Your assignment:
Give again the lines of the data from its first line through the line with "by (simp add: tendsto_Zfun_iff)". Change nothing.

Records shown:
_ _ _ _ _
lemma norm_add_scaleR_power2:
  fixes d w :: "'a::real_inner"
  shows "(norm (d + t *\<^sub>R w))\<^sup>2 = (norm d)\<^sup>2 + t * (2 * inner d w) + t\<^sup>2 * (norm w)\<^sup>2"
  unfolding power2_norm_eq_inner
  by (simp add: inner_commute algebra_simps power2_eq_square)

lemma dist_midpoint_power2:
  fixes y z w :: "'a::real_inner"
  shows "(dist y (midpoint z w))\<^sup>2 = ((dist y z)\<^sup>2 + (dist y w)\<^sup>2) / 2 - (dist z w)\<^sup>2 / 4"
  unfolding dist_norm power2_norm_eq_inner midpoint_def
  by (simp add: inner_commute algebra_simps) (simp add: field_simps)

lemma tendsto_inner_Bseq_zero:
  fixes x v :: "nat \<Rightarrow> 'a::real_inner"
  assumes "Bseq x" and "v \<longlonglongrightarrow> 0"
  shows "(\<lambda>j. inner (x j) (v j)) \<longlonglongrightarrow> 0"
  using bounded_bilinear.Bfun_prod_Zfun[OF bounded_bilinear_inner, of x sequentially v] assms
  by (simp add: tendsto_Zfun_iff)

lemma strongly_midpoint_convex_has_minimizer:
  fixes h :: "'a::{real_normed_vector,complete_space} \<Rightarrow> real"
  assumes "closed C" and "C \<noteq> {}"
    and mid_mem: "\<And>z w. z \<in> C \<Longrightarrow> w \<in> C \<Longrightarrow> midpoint z w \<in> C"
    and mid_le: "\<And>z w. z \<in> C \<Longrightarrow> w \<in> C \<Longrightarrow>
                   h (midpoint z w) \<le> (h z + h w) / 2 - (dist z w)\<^sup>2 / 4"
    and bounded_below: "\<And>z. z \<in> C \<Longrightarrow> c \<le> h z"
    and "continuous_on C h"
  shows "\<exists>p\<in>C. \<forall>z\<in>C. h p \<le> h z"
proof -
  define d where "d = Inf (h ` C)"
  have bdd: "bdd_below (h ` C)"
    using bounded_below unfolding bdd_below_def by auto
  have d_le: "d \<le> h z" if "z \<in> C" for z
    unfolding d_def using bdd that by (simp add: cInf_lower)
  have "\<exists>z\<in>C. h z < d + inverse (Suc n)" for n
    using cInf_less_iff[OF _ bdd, of "d + inverse (Suc n)"] \<open>C \<noteq> {}\<close> by (simp add: d_def)
  then obtain s where s_mem: "\<And>n. s n \<in> C" and s_lt: "\<And>n. h (s n) < d + inverse (Suc n)"
    by metis
  have dist_s: "(dist (s m) (s n))\<^sup>2 < 2 * inverse (Suc m) + 2 * inverse (Suc n)" for m n
    using mid_le[OF s_mem s_mem, of m n] d_le[OF mid_mem[OF s_mem s_mem, of m n]] s_lt[of m] s_lt[of n]
    by argo
  have "Cauchy s"
  proof (rule metric_CauchyI)
    fix e :: real
    assume "0 < e"
    then obtain N where N: "inverse (Suc N) < e\<^sup>2 / 4"
      using reals_Archimedean by (metis zero_less_divide_iff zero_less_numeral zero_less_power)
    have "dist (s m) (s n) < e" if "N \<le> m" "N \<le> n" for m n
    proof -
      have "inverse (Suc m) \<le> inverse (Suc N)" "inverse (Suc n) \<le> inverse (Suc N)"
        using that by (simp_all add: field_simps)
      then have "(dist (s m) (s n))\<^sup>2 < e\<^sup>2"
        using dist_s[of m n] N by linarith
      then show ?thesis
        using \<open>0 < e\<close> by (simp add: power_less_imp_less_base)
    qed
    then show "\<exists>N. \<forall>m\<ge>N. \<forall>n\<ge>N. dist (s m) (s n) < e"
      by blast
  qed
  then obtain p where s_lim: "s \<longlonglongrightarrow> p"
    using Cauchy_convergent_iff convergent_def by blast
  have "p \<in> C"
    using closed_sequentially[OF \<open>closed C\<close> s_mem s_lim] .
  have "(\<lambda>n. h (s n)) \<longlonglongrightarrow> h p"
    using \<open>continuous_on C h\<close> s_mem s_lim \<open>p \<in> C\<close>
    by (auto simp: continuous_on_sequentially o_def)
  moreover have "(\<lambda>n. d + inverse (Suc n)) \<longlonglongrightarrow> d"
    using tendsto_add[OF tendsto_const LIMSEQ_inverse_real_of_nat, of d] by simp
  ultimately have "h p \<le> d"
    using s_lt by (intro LIMSEQ_le) (auto intro: less_imp_le)
  then show ?thesis
    using \<open>p \<in> C\<close> d_le by force
qed
(* Let $n\ge2$, $k\ge1$. For all $f\in P_{n,k}$ and all positive integers $l$, \[ \|f\|_\infty\le\binom{n+kl-1}{kl}^{\frac1{2l}}\|f\|_{2l}. \]
   Context: $P_{n,k}$: real forms of degree $k$ in $n$ variables; $\sigma$: rotation-invariant probability measure on $S^{n-1}$; $\|f\|_p=(\int_{S^{n-1}}|f|^p\,d\sigma)^{1/p}$ and $\|f\|_\infty=\max_{x\in S^{n-1}}|f(x)|$. *)

theory Defs
  imports "HOL-Probability.Probability"
begin

definition is_form :: "nat \<Rightarrow> (real^'n \<Rightarrow> real) \<Rightarrow> bool" where
  "is_form k f \<longleftrightarrow> (\<exists>c :: ('n \<Rightarrow> nat) \<Rightarrow> real.
     f = (\<lambda>x. \<Sum>\<alpha>\<in>{\<alpha>. (\<Sum>i\<in>UNIV. \<alpha> i) = k}. c \<alpha> * (\<Prod>i\<in>UNIV. (x $ i) ^ (\<alpha> i))))"

definition rot_inv_sphere_prob :: "(real^'n) measure \<Rightarrow> bool" where
  "rot_inv_sphere_prob \<sigma> \<longleftrightarrow>
     prob_space \<sigma> \<and> space \<sigma> = sphere 0 1 \<and>
     sets \<sigma> = sets (restrict_space borel (sphere (0::real^'n) 1)) \<and>
     (\<forall>T. orthogonal_transformation T \<and> det (matrix T) = 1 \<longrightarrow>
        (\<forall>A\<in>sets \<sigma>. emeasure \<sigma> (T -` A \<inter> space \<sigma>) = emeasure \<sigma> A))"

end

theory Submission
  imports Defs "HOL-Library.Multiset"
begin

text \<open>Take an \<open>L\<^sup>2(\<sigma>)\<close>-orthonormal basis \<open>e\<^sub>1, \<dots>, e\<^sub>m\<close> of the forms of degree \<open>d\<close>
  restricted to the sphere, obtained by Gram--Schmidt from the monomials, so that
  \<open>m \<le> binomial (n + d - 1) d\<close>. By Cauchy--Schwarz, every such form \<open>g\<close> satisfies
  \<open>g(x)\<^sup>2 \<le> \<parallel>g\<parallel>\<^sub>2\<^sup>2 K(x,x)\<close> with \<open>K(x,x) = \<Sum>\<^sub>i e\<^sub>i(x)\<^sup>2\<close>. Rotation invariance of \<open>\<sigma>\<close> makes
  \<open>K(x,x)\<close> constant on the sphere, and \<open>\<integral> K(x,x) d\<sigma> = m\<close>, so \<open>K(x,x) \<le> m\<close>.
  Applying this to \<open>g = f\<^sup>l\<close>, a form of degree \<open>kl\<close>, and taking \<open>2l\<close>-th roots gives the bound.\<close>

section \<open>Forms\<close>

definition monomial :: "('n::finite \<Rightarrow> nat) \<Rightarrow> real^'n \<Rightarrow> real" where
  "monomial \<alpha> x = (\<Prod>i\<in>UNIV. (x $ i) ^ \<alpha> i)"

definition multi_indices :: "nat \<Rightarrow> ('n::finite \<Rightarrow> nat) set" where
  "multi_indices k = {\<alpha>. (\<Sum>i\<in>UNIV. \<alpha> i) = k}"

lemma finite_multi_indices: "finite (multi_indices k :: ('n::finite \<Rightarrow> nat) set)"
proof (rule finite_subset)
  show "multi_indices k \<subseteq> PiE (UNIV :: 'n set) (\<lambda>_. {..k})"
  proof
    fix \<alpha> :: "'n \<Rightarrow> nat" assume "\<alpha> \<in> multi_indices k"
    then have "\<alpha> i \<le> k" for i
      using member_le_sum[of i UNIV \<alpha>] by (simp add: multi_indices_def)
    then show "\<alpha> \<in> PiE UNIV (\<lambda>_. {..k})" by auto
  qed
qed (simp add: finite_PiE)

lemma size_eq_sum_count: "size (M :: 'a::finite multiset) = (\<Sum>x\<in>UNIV. count M x)"
  unfolding size_multiset_overloaded_eq
  by (rule sum.mono_neutral_left) (auto simp: count_eq_zero_iff)
(* Let $T$ be a tree on $n$ vertices. Then $k(T)=3$ if and only if $T\in\mathcal{T}$, where $\mathcal{T}$ is the family of trees obtained by appending $b\ge 1$ pendent vertices to each leaf of a star, or to each leaf of a balanced double star (the same $b$ for every leaf).
   Context: For a connected graph $G=(V,E)$ and $v\in V$, the status of $v$ is $s(v)=\sum_{u\in V} d(v,u)$, where $d$ is the shortest-path distance; $k(G)$ is the number of distinct status values of vertices of $G$. A star is a tree of diameter $2$, i.e. $K_{1,m}$ with $m\ge 2$. A balanced double star is a graph obtained from $K_2$ by appending $a\ge 1$ pendent vertices to each of its two vertices (the same $a$ for both). *)

theory Defs
  imports Main
begin

definition simple_graph :: "'a set \<Rightarrow> ('a \<Rightarrow> 'a \<Rightarrow> bool) \<Rightarrow> bool" where
  "simple_graph V E \<longleftrightarrow> finite V \<and> (\<forall>x y. E x y \<longrightarrow> x \<in> V \<and> y \<in> V)
     \<and> (\<forall>x y. E x y \<longrightarrow> E y x) \<and> (\<forall>x. \<not> E x x)"

definition is_walk :: "'a set \<Rightarrow> ('a \<Rightarrow> 'a \<Rightarrow> bool) \<Rightarrow> 'a list \<Rightarrow> bool" where
  "is_walk V E xs \<longleftrightarrow> xs \<noteq> [] \<and> set xs \<subseteq> V
     \<and> (\<forall>i. Suc i < length xs \<longrightarrow> E (xs ! i) (xs ! Suc i))"

definition connected_graph :: "'a set \<Rightarrow> ('a \<Rightarrow> 'a \<Rightarrow> bool) \<Rightarrow> bool" where
  "connected_graph V E \<longleftrightarrow> V \<noteq> {} \<and>
     (\<forall>u\<in>V. \<forall>v\<in>V. \<exists>xs. is_walk V E xs \<and> hd xs = u \<and> last xs = v)"

definition has_cycle :: "'a set \<Rightarrow> ('a \<Rightarrow> 'a \<Rightarrow> bool) \<Rightarrow> bool" where
  "has_cycle V E \<longleftrightarrow> (\<exists>xs. is_walk V E xs \<and> distinct xs \<and> length xs \<ge> 3 \<and> E (last xs) (hd xs))"

definition is_tree :: "'a set \<Rightarrow> ('a \<Rightarrow> 'a \<Rightarrow> bool) \<Rightarrow> bool" where
  "is_tree V E \<longleftrightarrow> simple_graph V E \<and> connected_graph V E \<and> \<not> has_cycle V E"

definition dist :: "'a set \<Rightarrow> ('a \<Rightarrow> 'a \<Rightarrow> bool) \<Rightarrow> 'a \<Rightarrow> 'a \<Rightarrow> nat" where
  "dist V E u v = (LEAST n. \<exists>xs. is_walk V E xs \<and> hd xs = u \<and> last xs = v \<and> length xs = Suc n)"

definition status :: "'a set \<Rightarrow> ('a \<Rightarrow> 'a \<Rightarrow> bool) \<Rightarrow> 'a \<Rightarrow> nat" where
  "status V E v = (\<Sum>u\<in>V. dist V E v u)"

definition num_status :: "'a set \<Rightarrow> ('a \<Rightarrow> 'a \<Rightarrow> bool) \<Rightarrow> nat" where
  "num_status V E = card (status V E ` V)"

text \<open>Model graphs of the family: c centres forming a clique (c = 1: star centre;
  c = 2: the K2 of a double star), each centre s carries l leaves Lf s i, and each
  such leaf carries b pendent vertices Pd s i j.\<close>
datatype mvtx = Ctr nat | Lf nat nat | Pd nat nat nat

definition model_verts :: "nat \<Rightarrow> nat \<Rightarrow> nat \<Rightarrow> mvtx set" where
  "model_verts c l b = {Ctr s | s. s < c} \<union> {Lf s i | s i. s < c \<and> i < l}
     \<union> {Pd s i j | s i j. s < c \<and> i < l \<and> j < b}"

fun model_adj0 :: "mvtx \<Rightarrow> mvtx \<Rightarrow> bool" where
  "model_adj0 (Ctr s) (Ctr t) = (s < t)"
| "model_adj0 (Ctr s) (Lf t i) = (s = t)"
| "model_adj0 (Lf s i) (Pd t i' j) = (s = t \<and> i = i')"
| "model_adj0 _ _ = False"

definition model_adj :: "nat \<Rightarrow> nat \<Rightarrow> nat \<Rightarrow> mvtx \<Rightarrow> mvtx \<Rightarrow> bool" where
  "model_adj c l b x y \<longleftrightarrow> x \<in> model_verts c l b \<and> y \<in> model_verts c l b
     \<and> (model_adj0 x y \<or> model_adj0 y x)"

definition in_family :: "'a set \<Rightarrow> ('a \<Rightarrow> 'a \<Rightarrow> bool) \<Rightarrow> bool" where
  "in_family V E \<longleftrightarrow> (\<exists>c l b. b \<ge> 1 \<and> ((c = 1 \<and> l \<ge> 2) \<or> (c = 2 \<and> l \<ge> 1)) \<and>
     (\<exists>f. bij_betw f V (model_verts c l b) \<and>
          (\<forall>x\<in>V. \<forall>y\<in>V. E x y \<longleftrightarrow> model_adj c l b (f x) (f y))))"

end

theory Submission
  imports Defs
begin

(* For an edge u v of a tree on n vertices, s(v) - s(u) = n - 2 |T_v|, where the branch T_v consists
   of the vertices closer to v than to u. Branches shrink strictly along a path, so the status is
   strictly convex along every path in the tree.

   If k(T) = 3, let c have minimum status and let c' be a neighbour of c of the same status if there
   is one, c' = c otherwise. By convexity the status increases strictly along every path leaving
   {c, c'}, so three values leave room for only two layers around the centre: the other neighbours
   of c and c' ("middle" vertices) and their further neighbours, which must be leaves ("pendant"
   vertices). Comparing statuses shows that all middle vertices carry the same number b of pendant
   vertices, and s(c) = s(c') gives both centres the same number of middle vertices. Conversely, in a
   tree of this shape the branch sizes yield exactly the three statuses s(c), s(c) + n - 2 - 2b and
   s(c) + 2n - 4 - 2b. *)

section \<open>Walks and distances\<close>

lemma is_walk_simps [simp]:
  "\<not> is_walk V E []"
  "is_walk V E [x] \<longleftrightarrow> x \<in> V"
  "is_walk V E (x # y # xs) \<longleftrightarrow> x \<in> V \<and> E x y \<and> is_walk V E (y # xs)"
  unfolding is_walk_def by (auto simp: nth_Cons split: nat.splits)

lemma is_walk_append:
  "xs \<noteq> [] \<Longrightarrow> ys \<noteq> [] \<Longrightarrow>
    is_walk V E (xs @ ys) \<longleftrightarrow> is_walk V E xs \<and> is_walk V E ys \<and> E (last xs) (hd ys)"
  by (induction xs rule: induct_list012) (auto simp: neq_Nil_conv)
theorem lemma2:
  fixes M :: "'g::{t2_space, group_add} measure"
    and UA :: "'g \<Rightarrow> 'a::finite cmat"
    and UB :: "'g \<Rightarrow> 'b::finite cmat"
    and \<rho> :: "'a cmat" and \<sigma> :: "'b cmat"
    and \<eta> \<eta>' :: "'b cmat"
    and \<epsilon> :: real
  assumes "compact_group TYPE('g)"
    and "normalized_haar M"
    and "unitary_rep UA" and "unitary_rep UB"
    and "is_state \<rho>" and "is_state \<sigma>" and "is_state \<eta>"
    and "0 \<le> \<epsilon>" and "\<epsilon> < 1/2"
    and "\<eta>' \<in> eps_ball \<epsilon> \<eta>"
  shows "\<bar>Delta_H M UA UB \<eta>' \<rho> \<sigma> - Delta_H M UA UB \<eta> \<rho> \<sigma>\<bar>
           \<le> 2 * real (CARD('b))^2 * \<epsilon> / (ln 2 * (1 - 2 * \<epsilon>))
         \<and> (ctrace \<eta>' = 1 \<longrightarrow>
         \<bar>Delta_H M UA UB \<eta>' \<rho> \<sigma> - Delta_H M UA UB \<eta> \<rho> \<sigma>\<bar>
           \<le> 2 * real (CARD('b))^2 * \<epsilon> / ln 2)"
proof -
  define T t d where "T = trace_norm (\<eta> - \<eta>')" and "t = Re (ctrace \<eta>')" and "d = real CARD('b)"
  have settings: "twirl_setting M (\<lambda>g. cconj (UB g)) UA \<rho>" "twirl_setting M (\<lambda>g. cconj (UB g)) UB \<sigma>"
    using assms(1-6) unitary_rep_cconj[OF assms(4)] by (simp_all add: twirl_setting_of_unitary_rep)
  have \<eta>: "psd \<eta>" using assms(7) unfolding is_state_def by simp
  note budget = eps_ball_trace_bounds[OF assms(7,10), folded T_def t_def]
  have "0 < CARD('b)" by simp
  then consider "CARD('b) = 1" | "2 \<le> d" unfolding d_def by linarith
  then show ?thesis
  proof cases
    case 1
    then show ?thesis
      using Delta_H_eq_of_card_1[OF settings 1 \<eta> budget(1)] assms(8,9) by simp
  next
    case 2
    note Delta_bound = Delta_H_perturbation[OF settings assms(7) budget(1), folded T_def t_def d_def]
    have "0 \<le> T" unfolding T_def by (rule trace_norm_nonneg)
    note bounds = perturbation_budget[OF assms(8,9) this budget(2,3) 2]
    have "t > 0" using budget(3) assms(9) by linarith
    have "T * d * (1 + 1 / t) / ln 2 \<le> 2 * d^2 * \<epsilon> / (1 - 2 * \<epsilon>) / ln 2"
      "t = 1 \<Longrightarrow> T * d * (1 + 1 / t) / ln 2 \<le> 2 * d^2 * \<epsilon> / ln 2"
      by (intro divide_right_mono bounds; simp)+
    then have "\<bar>Delta_H M UA UB \<eta>' \<rho> \<sigma> - Delta_H M UA UB \<eta> \<rho> \<sigma>\<bar> \<le> 2 * d^2 * \<epsilon> / (1 - 2 * \<epsilon>) / ln 2"
      "t = 1 \<Longrightarrow> \<bar>Delta_H M UA UB \<eta>' \<rho> \<sigma> - Delta_H M UA UB \<eta> \<rho> \<sigma>\<bar> \<le> 2 * d^2 * \<epsilon> / ln 2"
      using Delta_bound[OF \<open>t > 0\<close>] by auto
    then show ?thesis by (simp add: t_def d_def mult.commute)
  qed
qed
lemma bases_covering_indeps:
  assumes "indep Bs I" and "indep Bs J"
  shows "\<exists>B1\<in>Bs. \<exists>B2\<in>Bs. I \<subseteq> B1 \<and> J \<subseteq> B2 \<and> B2 \<subseteq> J \<union> B1"
proof -
  define P where "P = (\<lambda>(B1, B2). B1 \<in> Bs \<and> I \<subseteq> B1 \<and> B2 \<in> Bs \<and> J \<subseteq> B2)"
  obtain B1 B2 where "P (B1, B2)"
    using assms unfolding P_def indep_def by blast
  then obtain B1 B2 where P: "P (B1, B2)"
    and least: "\<And>B1' B2'. P (B1', B2') \<Longrightarrow> card (B2 - (J \<union> B1)) \<le> card (B2' - (J \<union> B1'))"
    using ex_has_least_nat[of P "(B1, B2)" "\<lambda>(B1, B2). card (B2 - (J \<union> B1))"]
    by (metis (no_types, lifting) case_prod_conv surj_pair)
  have B1: "B1 \<in> Bs" "I \<subseteq> B1" and B2: "B2 \<in> Bs" "J \<subseteq> B2"
    using P unfolding P_def by auto
  have "B2 \<subseteq> J \<union> B1"
  proof
    fix x assume x: "x \<in> B2"
    show "x \<in> J \<union> B1"
    proof (rule ccontr)
      assume x': "x \<notin> J \<union> B1"
      \<comment> \<open>exchanging \<open>x\<close> for an element of \<open>B1\<close> would decrease the measure\<close>
      obtain y where y: "y \<in> B1 - B2" "insert y (B2 - {x}) \<in> Bs"
        using basis_exchange[OF B2(1) B1(1)] x x' by blast
      have "P (B1, insert y (B2 - {x}))"
        unfolding P_def using B1 B2 y x' by auto
      moreover have "insert y (B2 - {x}) - (J \<union> B1) = B2 - (J \<union> B1) - {x}"
        using y by auto
      moreover have "card (B2 - (J \<union> B1) - {x}) < card (B2 - (J \<union> B1))"
        using x x' finite_basis[OF B2(1)] by (intro card_Diff1_less) auto
      ultimately show False
        using least[of B1 "insert y (B2 - {x})"] by simp
    qed
  qed
  then show ?thesis
    using B1 B2 by blast
qed
lemma Inter_sunflower:
  assumes "x \<in> X" "y \<in> X" "x \<noteq> y"
  shows "\<Inter> (sunflower S X) = S"
  using assms unfolding sunflower_def by auto

lemma Union_sunflower:
  assumes "X \<noteq> {}"
  shows "\<Union> (sunflower S X) = S \<union> X"
  using assms unfolding sunflower_def by auto

lemma card_ge_2E:
  assumes "card X \<ge> 2"
  obtains x y where "x \<in> X" "y \<in> X" "x \<noteq> y"
  using assms by (metis card_le_Suc_iff numeral_2_eq_2 insertCI)

lemma Union_Inter_sunflower_Diff:
  assumes "S \<subseteq> K" "card (K - S) \<ge> 2"
  shows "\<Union> (sunflower S (K - S)) = K \<and> \<Inter> (sunflower S (K - S)) = S"
proof -
  obtain x y where "x \<in> K - S" "y \<in> K - S" "x \<noteq> y"
    using assms(2) by (rule card_ge_2E)
  then show ?thesis
    using assms(1) Union_sunflower[of "K - S" S] Inter_sunflower[of x "K - S" y S] by auto
qed

lemma eq_sunflower_Union:
  assumes "\<forall>A\<in>F. S \<subseteq> A \<and> finite A \<and> card A = Suc (card S)"
  shows "F = sunflower S (\<Union>F - S)"
proof -
  have "\<exists>x. x \<notin> S \<and> A = insert x S" if "A \<in> F" for A
  proof -
    have "finite S" "S \<subseteq> A" "card A = Suc (card S)"
      using assms that finite_subset by blast+
    then have "card (A - S) = 1"
      by (simp add: card_Diff_subset)
    then obtain x where "A - S = {x}"
      by (auto simp: card_1_singleton_iff)
    then show ?thesis
      using \<open>S \<subseteq> A\<close> by blast
  qed
  then show ?thesis
    unfolding sunflower_def by blast
qed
_ _ _ _ _
Answer section:
lemma norm_add_scaleR_power2:
  fixes d w :: "'a::real_inner"
  shows "(norm (d + t *\<^sub>R w))\<^sup>2 = (norm d)\<^sup>2 + t * (2 * inner d w) + t\<^sup>2 * (norm w)\<^sup>2"
  unfolding power2_norm_eq_inner
  by (simp add: inner_commute algebra_simps power2_eq_square)

lemma dist_midpoint_power2:
  fixes y z w :: "'a::real_inner"
  shows "(dist y (midpoint z w))\<^sup>2 = ((dist y z)\<^sup>2 + (dist y w)\<^sup>2) / 2 - (dist z w)\<^sup>2 / 4"
  unfolding dist_norm power2_norm_eq_inner midpoint_def
  by (simp add: inner_commute algebra_simps) (simp add: field_simps)

lemma tendsto_inner_Bseq_zero:
  fixes x v :: "nat \<Rightarrow> 'a::real_inner"
  assumes "Bseq x" and "v \<longlonglongrightarrow> 0"
  shows "(\<lambda>j. inner (x j) (v j)) \<longlonglongrightarrow> 0"
  using bounded_bilinear.Bfun_prod_Zfun[OF bounded_bilinear_inner, of x sequentially v] assms
  by (simp add: tendsto_Zfun_iff)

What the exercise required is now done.